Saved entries
.....

lemma range_eq_UNIV_if_connected:
  fixes f :: "'a \<Rightarrow> 'b::topological_space"
  assumes "connected (UNIV :: 'b set)"
    and local: "\<And>y. \<exists>U. open U \<and> y \<in> U \<and> (U \<inter> range f \<noteq> {} \<longrightarrow> y \<in> range f) \<and>
                       (y \<in> range f \<longrightarrow> U \<subseteq> range f)"
  shows "range f = UNIV"
proof -
  have "open (range f)"
  proof (subst open_subopen, intro ballI)
    fix y assume "y \<in> range f"
    moreover obtain U where "open U" "y \<in> U" "y \<in> range f \<longrightarrow> U \<subseteq> range f"
      using local[of y] by (elim exE conjE)
    ultimately show "\<exists>T. open T \<and> y \<in> T \<and> T \<subseteq> range f" by (intro exI[of _ U]) simp
  qed
  moreover have "open (- range f)"
  proof (subst open_subopen, intro ballI)
    fix y assume "y \<in> - range f"
    moreover obtain U where "open U" "y \<in> U" "U \<inter> range f \<noteq> {} \<longrightarrow> y \<in> range f"
      using local[of y] by (elim exE conjE)
    ultimately show "\<exists>T. open T \<and> y \<in> T \<and> T \<subseteq> - range f" by (intro exI[of _ U]) auto
  qed
  ultimately have "range f \<inter> UNIV = {} \<or> - range f \<inter> UNIV = {}"
    by (rule connectedD[OF assms(1)]) auto
  moreover have "range f \<inter> UNIV \<noteq> {}" by simp
  ultimately show ?thesis by blast
qed

lemma covering_space_if_evenly_covered:
  assumes "continuous_on UNIV f" "range f = UNIV" "\<And>y. \<exists>U. open U \<and> y \<in> U \<and> evenly_covered f U"
  shows "covering_space UNIV f UNIV"
  unfolding covering_space_def
proof (intro conjI assms(1,2) ballI)
  fix y
  obtain U \<V> where "open U" "y \<in> U" "\<Union>\<V> = f -` U" "\<forall>V\<in>\<V>. open V" "pairwise disjnt \<V>"
    "\<forall>V\<in>\<V>. \<exists>q. homeomorphism V U f q"
    using assms(3)[of y] unfolding evenly_covered_def by (elim exE conjE)
  moreover have "openin (top_of_set UNIV) U" "\<Union>\<V> = UNIV \<inter> f -` U" "\<forall>V\<in>\<V>. openin (top_of_set UNIV) V"
    using calculation by auto
  ultimately show "\<exists>U. y \<in> U \<and> openin (top_of_set UNIV) U \<and>
    (\<exists>\<V>. \<Union>\<V> = UNIV \<inter> f -` U \<and> (\<forall>V\<in>\<V>. openin (top_of_set UNIV) V) \<and> pairwise disjnt \<V> \<and>
         (\<forall>V\<in>\<V>. \<exists>q. homeomorphism V U f q))"
    by blast
qed

locale rectifiable_contraction = expanding_local_homeomorphism f \<beta>
  for f :: "'a::metric_space \<Rightarrow> 'b::metric_space" and \<beta> +
  fixes U :: "'b set" and H :: "'b \<times> real \<Rightarrow> 'b" and y0 :: 'b
  assumes open_U: "open U" and H_cont: "continuous_on (U \<times> {0..1}) H"
    and H_0: "\<And>y. y \<in> U \<Longrightarrow> H (y, 0) = y0" and H_1: "\<And>y. y \<in> U \<Longrightarrow> H (y, 1) = y"
    and H_rect: "\<And>y. y \<in> U \<Longrightarrow> rectifiable_path (\<lambda>t. H (y, t))"
begin

lemma path_contraction_path: "y \<in> U \<Longrightarrow> path (\<lambda>t. H (y, t))"
  unfolding path_def
  by (rule continuous_on_compose2[OF H_cont]) (auto intro!: continuous_intros)

lemma lift_on_contraction_path:
  assumes "y \<in> U" "f x0 = y0"
  shows "lift_on f (\<lambda>t. H (y, t)) x0 1 (lift (\<lambda>t. H (y, t)) x0)"
  using assms path_contraction_path H_rect H_0 by (intro lift_on_lift) auto

definition sheet_map :: "'a \<Rightarrow> 'b \<Rightarrow> 'a" where
  "sheet_map x0 y = lift (\<lambda>t. H (y, t)) x0 1"

lemma f_sheet_map: "f x0 = y0 \<Longrightarrow> y \<in> U \<Longrightarrow> f (sheet_map x0 y) = y"
  using lift_on_contraction_path[of y x0] H_1[of y] by (simp add: lift_on_def sheet_map_def)

lemma continuous_on_sheet_map:
  assumes "f x0 = y0" shows "continuous_on U (sheet_map x0)"
proof -
  have "isCont (sheet_map x0) y" if y: "y \<in> U" for y
  proof -
    obtain N where N: "open N" "y \<in> N"
      "continuous_on ((N \<inter> U) \<times> {0..1}) (\<lambda>z. lift (\<lambda>t. H (fst z, t)) x0 (snd z))"
      using lift_on_continuous_in_parameter[OF local_homeo H_cont lift_on_contraction_path y] assms
      by blast
    have "continuous_on (N \<inter> U) (\<lambda>y. lift (\<lambda>t. H (fst (y, 1::real), t)) x0 (snd (y, 1::real)))"
      by (rule continuous_on_compose2[OF N(3)]) (auto intro!: continuous_intros)
    then have "continuous_on (N \<inter> U) (sheet_map x0)" by (simp add: sheet_map_def)
    then show ?thesis using N y open_U continuous_on_eq_continuous_at[of "N \<inter> U"] by blast
  qed
  then show ?thesis by (simp add: continuous_at_imp_continuous_on)
qed

lemma sheet_map_onto:
  assumes y: "y \<in> U" and "f x = y"
  obtains x0 where "f x0 = y0" "sheet_map x0 y = x"
proof -
  let ?\<rho> = "reversepath (\<lambda>t. H (y, t))"
  have "path ?\<rho>" using path_contraction_path[OF y] by simp
  moreover have "rectifiable_path ?\<rho>" using rectifiable_path_reversepath[OF H_rect[OF y]] .
  moreover have "f x = ?\<rho> 0" using H_1[OF y] \<open>f x = y\<close> by (simp add: reversepath_def)
  ultimately have c: "lift_on f ?\<rho> x 1 (lift ?\<rho> x)" by (rule lift_on_lift)
  define x0 where "x0 = lift ?\<rho> x 1"
  have x0: "f x0 = y0" using c H_0[OF y] by (simp add: lift_on_def x0_def reversepath_def)
  have "lift (\<lambda>t. H (y, t)) x0 1 = reversepath (lift ?\<rho> x) 1"
  proof (rule local_homeomorphism_lift_unique[OF local_homeo connected_Icc[of 0 1], where a = 0])
    show "continuous_on {0..1} (lift (\<lambda>t. H (y, t)) x0)" "continuous_on {0..1} (reversepath (lift ?\<rho> x))"
      using lift_on_contraction_path[OF y x0] c by (auto simp: lift_on_def simp flip: path_def)
    show "f (lift (\<lambda>t. H (y, t)) x0 t) = f (reversepath (lift ?\<rho> x) t)" if "t \<in> {0..1}" for t
      using lift_on_contraction_path[OF y x0] c that by (auto simp: lift_on_def reversepath_def)
    show "lift (\<lambda>t. H (y, t)) x0 0 = reversepath (lift ?\<rho> x) 0"
      using lift_on_contraction_path[OF y x0] by (simp add: lift_on_def reversepath_def x0_def)
  qed auto
  then have "sheet_map x0 y = x" using c by (simp add: sheet_map_def reversepath_def lift_on_def)
  then show ?thesis using x0 that by blast
qed

lemma sheet_map_inj:
  assumes x0: "f x0 = y0" and x1: "f x1 = y0" and "y \<in> U" "y' \<in> U"
    and eq: "sheet_map x0 y = sheet_map x1 y'"
  shows "x0 = x1"
proof -
  have "y' = y" using f_sheet_map[OF x0 \<open>y \<in> U\<close>] f_sheet_map[OF x1 \<open>y' \<in> U\<close>] eq by simp
  let ?c0 = "lift (\<lambda>t. H (y, t)) x0" and ?c1 = "lift (\<lambda>t. H (y, t)) x1"
  have c0: "lift_on f (\<lambda>t. H (y, t)) x0 1 ?c0" and c1: "lift_on f (\<lambda>t. H (y, t)) x1 1 ?c1"
    using lift_on_contraction_path \<open>y \<in> U\<close> x0 x1 by auto
  have "reversepath ?c0 1 = reversepath ?c1 1"
  proof (rule local_homeomorphism_lift_unique[OF local_homeo connected_Icc[of 0 1], where a = 0])
    show "continuous_on {0..1} (reversepath ?c0)" "continuous_on {0..1} (reversepath ?c1)"
      using c0 c1 by (auto simp: lift_on_def simp flip: path_def)
    show "f (reversepath ?c0 t) = f (reversepath ?c1 t)" if "t \<in> {0..1}" for t
      using c0 c1 that by (auto simp: lift_on_def reversepath_def)
    show "reversepath ?c0 0 = reversepath ?c1 0"
      using eq \<open>y' = y\<close> by (simp add: sheet_map_def reversepath_def)
  qed auto
  then show ?thesis using c0 c1 by (simp add: lift_on_def reversepath_def)
qed

lemma open_sheet:
  assumes x0: "f x0 = y0" shows "open (sheet_map x0 ` U)"
proof (subst open_subopen, intro ballI)
  fix w assume "w \<in> sheet_map x0 ` U"
  then obtain y where y: "y \<in> U" "w = sheet_map x0 y" by blast
  obtain A B g where A: "w \<in> A" "open A" "homeomorphism A B f g"
    using local_homeo unfolding local_homeomorphism_def by blast
  have "openin (top_of_set U) (U \<inter> sheet_map x0 -` A)"
    using continuous_on_sheet_map[OF x0] A(2) by (rule continuous_openin_preimage_gen)
  then have "open (U \<inter> sheet_map x0 -` A)" using open_U openin_open_trans by blast
  then have "open (A \<inter> f -` (U \<inter> sheet_map x0 -` A))"
    using open_Int[OF A(2) continuous_open_vimage] local_homeomorphism_imp_isCont[OF local_homeo]
    by blast
  moreover have "w \<in> A \<inter> f -` (U \<inter> sheet_map x0 -` A)"
    using y A f_sheet_map[OF x0 y(1)] by auto
  moreover have "A \<inter> f -` (U \<inter> sheet_map x0 -` A) \<subseteq> sheet_map x0 ` U"
  proof
    fix w' assume w': "w' \<in> A \<inter> f -` (U \<inter> sheet_map x0 -` A)"
    then have "g (f (sheet_map x0 (f w'))) = g (f w')" using f_sheet_map[OF x0] by auto
    then have "sheet_map x0 (f w') = w'" using w' homeomorphism_apply1[OF A(3)] by auto
    then show "w' \<in> sheet_map x0 ` U" using w' by (metis IntE imageI vimageE)
  qed
  ultimately show "\<exists>T. open T \<and> w \<in> T \<and> T \<subseteq> sheet_map x0 ` U" by blast
qed

lemma homeomorphism_sheet:
  assumes x0: "f x0 = y0" shows "homeomorphism (sheet_map x0 ` U) U f (sheet_map x0)"
  unfolding homeomorphism_def
  using f_sheet_map[OF x0] continuous_on_sheet_map[OF x0]
    local_homeomorphism_imp_continuous_on[OF local_homeo]
  by (force simp: image_iff)

lemma evenly_covered_U: "evenly_covered f U"
  unfolding evenly_covered_def
proof (intro exI conjI)
  let ?\<V> = "(\<lambda>x0. sheet_map x0 ` U) ` (f -` {y0})"
  show "\<Union>?\<V> = f -` U"
  proof
    show "\<Union>?\<V> \<subseteq> f -` U" using f_sheet_map by auto
    show "f -` U \<subseteq> \<Union>?\<V>"
    proof
      fix x assume "x \<in> f -` U"
      then obtain x0 where "f x0 = y0" "sheet_map x0 (f x) = x"
        using sheet_map_onto by blast
      then have "x \<in> sheet_map x0 ` U" "sheet_map x0 ` U \<in> ?\<V>"
        using \<open>x \<in> f -` U\<close> by (auto intro: rev_image_eqI)
      then show "x \<in> \<Union>?\<V>" by blast
    qed
  qed
  show "\<forall>V\<in>?\<V>. open V" using open_sheet by auto
  show "pairwise disjnt ?\<V>"
    unfolding pairwise_def disjnt_def using sheet_map_inj by blast
  show "\<forall>V\<in>?\<V>. \<exists>q. homeomorphism V U f q" using homeomorphism_sheet by blast
qed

.....

* [Required work] From the line that has "using c0 c1 that" through the line that has "by (force simp: image_iff)", copy every line exactly as it appears above, and leave out all others.

* [Written answer]
      using c0 c1 that by (auto simp: lift_on_def reversepath_def)
    show "reversepath ?c0 0 = reversepath ?c1 0"
      using eq \<open>y' = y\<close> by (simp add: sheet_map_def reversepath_def)
  qed auto
  then show ?thesis using c0 c1 by (simp add: lift_on_def reversepath_def)
qed

lemma open_sheet:
  assumes x0: "f x0 = y0" shows "open (sheet_map x0 ` U)"
proof (subst open_subopen, intro ballI)
  fix w assume "w \<in> sheet_map x0 ` U"
  then obtain y where y: "y \<in> U" "w = sheet_map x0 y" by blast
  obtain A B g where A: "w \<in> A" "open A" "homeomorphism A B f g"
    using local_homeo unfolding local_homeomorphism_def by blast
  have "openin (top_of_set U) (U \<inter> sheet_map x0 -` A)"
    using continuous_on_sheet_map[OF x0] A(2) by (rule continuous_openin_preimage_gen)
  then have "open (U \<inter> sheet_map x0 -` A)" using open_U openin_open_trans by blast
  then have "open (A \<inter> f -` (U \<inter> sheet_map x0 -` A))"
    using open_Int[OF A(2) continuous_open_vimage] local_homeomorphism_imp_isCont[OF local_homeo]
    by blast
  moreover have "w \<in> A \<inter> f -` (U \<inter> sheet_map x0 -` A)"
    using y A f_sheet_map[OF x0 y(1)] by auto
  moreover have "A \<inter> f -` (U \<inter> sheet_map x0 -` A) \<subseteq> sheet_map x0 ` U"
  proof
    fix w' assume w': "w' \<in> A \<inter> f -` (U \<inter> sheet_map x0 -` A)"
    then have "g (f (sheet_map x0 (f w'))) = g (f w')" using f_sheet_map[OF x0] by auto
    then have "sheet_map x0 (f w') = w'" using w' homeomorphism_apply1[OF A(3)] by auto
    then show "w' \<in> sheet_map x0 ` U" using w' by (metis IntE imageI vimageE)
  qed
  ultimately show "\<exists>T. open T \<and> w \<in> T \<and> T \<subseteq> sheet_map x0 ` U" by blast
qed

lemma homeomorphism_sheet:
  assumes x0: "f x0 = y0" shows "homeomorphism (sheet_map x0 ` U) U f (sheet_map x0)"
  unfolding homeomorphism_def
  using f_sheet_map[OF x0] continuous_on_sheet_map[OF x0]
    local_homeomorphism_imp_continuous_on[OF local_homeo]
  by (force simp: image_iff)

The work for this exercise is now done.